Hint: First we used a given function f(n) to find values of different functions like f(1), f(n+1) and f(n) and then using these functions together proceeded with some trigonometric formulas to do simplification and get required correct option.
 $ 2\cos A.\cos B = \cos (A + B) + \cos (A - B),\,\, $ and cosine is an even function therefore $ \cos ( - \theta ) = \cos \theta $

Complete step-by-step answer:
Here, given function in problems is
 $ f(n) = 2\cos nx $
Then to find value of $ f(1)f(n + 1) - f(n) $ we calculate, first values of f (1), f (n+1) and f(n) and then using these values to
Check which one of the given options is correct.
 $ \therefore $ f (1) = $ 2\cos (1.x) $
 $ \Rightarrow f(1) = 2\cos x $ …… (i)
Now, calculating f (n+1) we have
 $ f(n + 1) = 2\cos (n + 1)x $ ……. (ii)
And $ f(n) = 2\cos nx $ ……. (iii)
Using from (i), (ii) and (iii) we have
 $ f(1)f(n + 1) - f(n) = 2\cos x.2\cos (n + 1)x - 2\cos nx $
 $
   = 4.\cos x.\cos (n + 1)x - 2\cos nx \\
   = 2\left\{ {2\cos x.\cos (n + 1)x} \right\} - 2\cos nx \\
   = 2\left\{ {\cos (x + nx + x) + \cos (x - nx - x} \right\} - 2\cos nx \\
   = 2\left\{ {\cos (n + 2)x + \cos ( - nx)} \right\} - 2\cos nx \\
   = 2\{ \cos (n + 2)x + \cos (nx)\} - 2\cos nx\,\,\,\,\,\,\,\,\,\,\,\,\,\,\,\,\,\,\,\,\left( {\,\because \cos ( - nx) = \cos nx} \right) \\
   = 2\cos (n + 2)x + 2\cos nx - 2\cos nx \\
   = 2\cos (n + 2)x \\
  $
 $ \Rightarrow f(1)f(n + 1) - f(n) = 2\cos (n + 2)x $

Therefore, from above we see that the value of $ f(1)f(n + 1) - f(n) $ is $ 2\cos (n + 2)x $ . Which can be written as $ f(n + 2) $ .
Hence, from given four options we see that option (B) is the correct option.

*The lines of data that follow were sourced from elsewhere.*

theorem mainTheorem2:
  fixes F :: "real \<Rightarrow> 'a::euclidean_space set"
    and a b x0 :: real
    and Dp Dm :: "'a \<Rightarrow> 'a set"
  assumes "a < b"
    and "\<forall>x\<in>{a<..<b}. compact (F x) \<and> F x \<noteq> {}"
    and "x0 \<in> {a<..<b}"
    and "is_metric_deriv_along F x0 (at_right x0) Dp"
    and "is_metric_deriv_along F x0 (at_left x0) Dm"
  shows "(\<forall>e>0. eventually (\<lambda>x. x \<in> {a<..<b} \<and> (\<forall>y0\<in>F x0.
             haus (LM_anchor Dp Dm x0 y0 x) ((\<lambda>d. y0 + (x - x0) *\<^sub>R d) ` mdd F x0 x y0)
               \<le> e * \<bar>x - x0\<bar>)) (at x0))
       \<and> (\<forall>e>0. eventually (\<lambda>x. x \<in> {a<..<b} \<and>
             haus (F x) (LM F Dp Dm x0 x) \<le> e * \<bar>x - x0\<bar>) (at x0))"
proof -
  have F0: "compact (F x0)" "F x0 \<noteq> {}" using assms(2,3) by auto
  have near: "eventually (\<lambda>x. x \<in> {a<..<b}) (at x0)"
    using assms(3) by (intro eventually_at_in_open') auto
  then have "eventually (\<lambda>x. compact (F x) \<and> F x \<noteq> {}) (at x0)"
    using assms(2) by (auto elim: eventually_mono)
  then have regular: "eventually (\<lambda>x. compact (F x) \<and> F x \<noteq> {}) (at_left x0)"
      "eventually (\<lambda>x. compact (F x) \<and> F x \<noteq> {}) (at_right x0)"
    unfolding eventually_at_split by auto
  have sides: "eventually (\<lambda>x. x < x0) (at_left x0)" "eventually (\<lambda>x. x > x0) (at_right x0)"
    by (simp_all add: eventually_at_filter)
  have "eventually (\<lambda>x. x \<noteq> x0 \<and> compact (F x) \<and> F x \<noteq> {} \<and>
          (\<forall>y. LM_anchor Dp Dm x0 y x = (\<lambda>d. y + (x - x0) *\<^sub>R d) ` Dp y)) (at_right x0)"
    using regular(2) sides(2) by eventually_elim (simp add: LM_anchor_def)
  note right = eventually_LM_approx_along[OF assms(4) _ F0 this]
  have "eventually (\<lambda>x. x \<noteq> x0 \<and> compact (F x) \<and> F x \<noteq> {} \<and>
          (\<forall>y. LM_anchor Dp Dm x0 y x = (\<lambda>d. y + (x - x0) *\<^sub>R d) ` Dm y)) (at_left x0)"
    using regular(1) sides(1) by eventually_elim (auto simp: LM_anchor_def)
  note left = eventually_LM_approx_along[OF assms(5) _ F0 this]
  have approx: "eventually (\<lambda>x. (\<forall>y0\<in>F x0.
             haus (LM_anchor Dp Dm x0 y0 x) ((\<lambda>d. y0 + (x - x0) *\<^sub>R d) ` mdd F x0 x y0)
               \<le> e * \<bar>x - x0\<bar>) \<and> haus (F x) (LM F Dp Dm x0 x) \<le> e * \<bar>x - x0\<bar>) (at x0)"
    if "e > 0" for e
    using left[OF that] right[OF that] by (simp add: eventually_at_split)
  show ?thesis
    using near approx by (simp add: eventually_conj_iff)
qed

end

So, the correct answer is “Option B”.

Note: As, we know that every function given values according to domains we are taking. So, changing the domain for the same functions given different results. Hence, to get different values for the same function we just replace the given function with required domains to get required results.